■ What to produce: Look through the listing below and give the number of lines in which "attacks" occurs, nothing more.

■ Material provided:
definition Prem :: "'s arg \<Rightarrow> 's set" where "Prem a = fst a"
definition Conc :: "'s arg \<Rightarrow> 's" where "Conc a = snd a"
definition Sent :: "'s arg \<Rightarrow> 's set" where "Sent a = Prem a \<union> {Conc a}"
definition SentS :: "'s arg set \<Rightarrow> 's set" where "SentS E = (\<Union>a\<in>E. Sent a)"
definition minarg :: "'s \<Rightarrow> 's arg" where "minarg s = ({s}, s)"

definition nbar :: "('s \<Rightarrow> 's set) \<Rightarrow> ('s arg \<Rightarrow> 's option) \<Rightarrow> 's arg \<Rightarrow> 's set" where
  "nbar inc nm a = (case nm a of None \<Rightarrow> {} | Some s \<Rightarrow> inc s)"

definition language :: "'s set \<Rightarrow> ('s \<Rightarrow> 's set) \<Rightarrow> ('s arg \<Rightarrow> 's option) \<Rightarrow> bool" where
  "language L inc nm \<longleftrightarrow> L \<noteq> {}
     \<and> (\<forall>s\<in>L. inc s \<subseteq> L)
     \<and> (\<forall>s\<in>L. \<forall>t\<in>L. s \<in> inc t \<longleftrightarrow> t \<in> inc s)
     \<and> (\<forall>a s. nm a = Some s \<longrightarrow> s \<in> L)
     \<and> (\<forall>t\<in>L. nbar inc nm (minarg t) = {})"

definition is_argument :: "'s set \<Rightarrow> 's arg \<Rightarrow> bool" where
  "is_argument L a \<longleftrightarrow> Prem a \<noteq> {} \<and> finite (Prem a) \<and> Prem a \<subseteq> L \<and> Conc a \<in> L"

(* SBAF <L, A, ->, supp>: attack and support are determined by the language *)
definition SBAF :: "'s set \<Rightarrow> ('s \<Rightarrow> 's set) \<Rightarrow> ('s arg \<Rightarrow> 's option) \<Rightarrow> 's arg set \<Rightarrow> bool" where
  "SBAF L inc nm A \<longleftrightarrow> language L inc nm \<and> finite A \<and> (\<forall>a\<in>A. is_argument L a)"

definition supports :: "'s arg set \<Rightarrow> 's arg \<Rightarrow> bool" where
  "supports E a \<longleftrightarrow> Prem a \<subseteq> SentS E"

definition undercut_info :: "('s \<Rightarrow> 's set) \<Rightarrow> ('s arg \<Rightarrow> 's option) \<Rightarrow> 's arg set \<Rightarrow> 's arg \<Rightarrow> bool" where
  "undercut_info inc nm E a \<longleftrightarrow> nbar inc nm a \<inter> SentS E \<noteq> {}"

definition attacks :: "('s \<Rightarrow> 's set) \<Rightarrow> ('s arg \<Rightarrow> 's option) \<Rightarrow> 's arg \<Rightarrow> 's arg \<Rightarrow> bool" where
  "attacks inc nm a b \<longleftrightarrow> (\<exists>s\<in>Sent b. Conc a \<in> inc s) \<or> Conc a \<in> nbar inc nm b"

definition defends :: "('s \<Rightarrow> 's set) \<Rightarrow> ('s arg \<Rightarrow> 's option) \<Rightarrow> 's arg set \<Rightarrow> 's arg set \<Rightarrow> 's arg \<Rightarrow> bool" where
  "defends inc nm A E a \<longleftrightarrow> (\<forall>b\<in>A. attacks inc nm b a \<longrightarrow> (\<exists>c\<in>E. attacks inc nm c b))"

definition conflict_free :: "('s \<Rightarrow> 's set) \<Rightarrow> ('s arg \<Rightarrow> 's option) \<Rightarrow> 's arg set \<Rightarrow> bool" where
  "conflict_free inc nm E \<longleftrightarrow> (\<forall>a\<in>E. \<forall>b\<in>E. \<not> attacks inc nm a b)"

definition admissible :: "('s \<Rightarrow> 's set) \<Rightarrow> ('s arg \<Rightarrow> 's option) \<Rightarrow> 's arg set \<Rightarrow> 's arg set \<Rightarrow> bool" where
  "admissible inc nm A E \<longleftrightarrow> E \<subseteq> A \<and> conflict_free inc nm E \<and> (\<forall>a\<in>E. defends inc nm A E a)"

definition preferred :: "('s \<Rightarrow> 's set) \<Rightarrow> ('s arg \<Rightarrow> 's option) \<Rightarrow> 's arg set \<Rightarrow> 's arg set \<Rightarrow> bool" where
  "preferred inc nm A E \<longleftrightarrow> admissible inc nm A E
     \<and> (\<forall>F. admissible inc nm A F \<and> E \<subseteq> F \<longrightarrow> F = E)"

definition weakly_coherent :: "('s \<Rightarrow> 's set) \<Rightarrow> ('s arg \<Rightarrow> 's option) \<Rightarrow> 's arg set \<Rightarrow> 's arg set \<Rightarrow> bool" where
  "weakly_coherent inc nm A E \<longleftrightarrow> admissible inc nm A E
     \<and> (\<forall>a\<in>A. supports E a \<and> \<not> undercut_info inc nm E a \<and> defends inc nm A E a \<longrightarrow> a \<in> E)"

definition compatible :: "('s \<Rightarrow> 's set) \<Rightarrow> 's set \<Rightarrow> bool" where
  "compatible inc S \<longleftrightarrow> (\<forall>s\<in>S. \<forall>t\<in>S. s \<notin> inc t)"

definition Arg_s :: "('s \<Rightarrow> 's set) \<Rightarrow> ('s arg \<Rightarrow> 's option) \<Rightarrow> 's arg set \<Rightarrow> 's set \<Rightarrow> 's arg set" where
  "Arg_s inc nm A S = {a\<in>A. Prem a \<subseteq> S \<and> nbar inc nm a \<inter> S = {}}"

definition R_S :: "('s \<Rightarrow> 's set) \<Rightarrow> ('s arg \<Rightarrow> 's option) \<Rightarrow> 's arg set \<Rightarrow> 's set \<Rightarrow> 's arg set \<Rightarrow> 's arg set" where
  "R_S inc nm A S E = {a\<in>A. a \<in> Arg_s inc nm A S \<and> defends inc nm A E a}"

definition is_Init :: "('s \<Rightarrow> 's set) \<Rightarrow> ('s arg \<Rightarrow> 's option) \<Rightarrow> 's arg set \<Rightarrow> 's set \<Rightarrow> 's arg set \<Rightarrow> bool" where
  "is_Init inc nm A S I \<longleftrightarrow>
     (let X = {a\<in>A. Sent a \<subseteq> S \<and> nbar inc nm a \<inter> S = {}} in
        I \<subseteq> X \<and> admissible inc nm A I
        \<and> (\<forall>J. J \<subseteq> X \<and> admissible inc nm A J \<longrightarrow> J \<subseteq> I))"

definition is_Arg_w :: "('s \<Rightarrow> 's set) \<Rightarrow> ('s arg \<Rightarrow> 's option) \<Rightarrow> 's arg set \<Rightarrow> 's set \<Rightarrow> 's arg set \<Rightarrow> bool" where
  "is_Arg_w inc nm A S E \<longleftrightarrow> (\<exists>I. is_Init inc nm A S I
     \<and> I \<subseteq> E \<and> R_S inc nm A S E = E
     \<and> (\<forall>F. I \<subseteq> F \<and> R_S inc nm A S F = F \<longrightarrow> E \<subseteq> F))"

definition weakly_adequate :: "('s \<Rightarrow> 's set) \<Rightarrow> ('s arg \<Rightarrow> 's option) \<Rightarrow> 's arg set \<Rightarrow> 's set \<Rightarrow> bool" where
  "weakly_adequate inc nm A S \<longleftrightarrow> compatible inc S \<and> S \<subseteq> SentS A
     \<and> (\<forall>E. is_Arg_w inc nm A S E \<longrightarrow> (\<forall>a\<in>E. Sent a \<subseteq> S))"

definition confident :: "('s \<Rightarrow> 's set) \<Rightarrow> ('s arg \<Rightarrow> 's option) \<Rightarrow> 's arg set \<Rightarrow> 's set \<Rightarrow> bool" where
  "confident inc nm A S \<longleftrightarrow> weakly_adequate inc nm A S
     \<and> (\<forall>T. weakly_adequate inc nm A T \<and> S \<subseteq> T \<longrightarrow> T = S)"

definition confident_weakly_coherent :: "('s \<Rightarrow> 's set) \<Rightarrow> ('s arg \<Rightarrow> 's option) \<Rightarrow> 's arg set \<Rightarrow> 's arg set \<Rightarrow> bool" where
  "confident_weakly_coherent inc nm A E \<longleftrightarrow> weakly_coherent inc nm A E
     \<and> (\<exists>S. confident inc nm A S \<and> is_Arg_w inc nm A S E)"

definition saturated :: "('s \<Rightarrow> 's set) \<Rightarrow> ('s arg \<Rightarrow> 's option) \<Rightarrow> 's arg set \<Rightarrow> bool" where
  "saturated inc nm A \<longleftrightarrow>
     (\<forall>s\<in>SentS A. \<forall>t\<in>SentS A. t \<in> inc s \<longrightarrow> minarg s \<in> A \<or> minarg t \<in> A)
     \<and> (\<forall>u\<in>SentS A. (\<exists>a\<in>A. u \<in> nbar inc nm a) \<longrightarrow> minarg u \<in> A)"

end

theory Submission
  imports Defs
begin

text \<open>
  In a saturated SBAF every clash between two sentences of the framework, and every undercutter,
  is witnessed by a minimal argument in \<open>A\<close>. An admissible \<open>E\<close> counter-attacks each such
  minimal argument attacking it; this makes \<open>Sent(E)\<close> compatible and shows that no compatible
  \<open>S \<supseteq> Sent(E)\<close> inside \<open>Sent(A)\<close> undercuts an argument of \<open>E\<close>. For such \<open>S\<close>, maximality
  of \<open>E\<close> makes it the largest admissible candidate, i.e. \<open>Init(S) = E\<close>, and since a preferred
  extension contains every argument it defends, \<open>E\<close> is a fixed point of \<open>R\<^sup>S\<close>; thus
  \<open>Arg\<^sub>w(S) = E\<close>. So \<open>Sent(E)\<close> is weakly adequate, and any confident extension above it (one
  exists as \<open>Sent(A)\<close> is finite) again yields \<open>Arg\<^sub>w(S) = E\<close>.
\<close>

lemma Sent_minarg [simp]: "Sent (minarg s) = {s}"
  and Conc_minarg [simp]: "Conc (minarg s) = s"
  unfolding Sent_def minarg_def Prem_def Conc_def by auto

■ The completed task: 5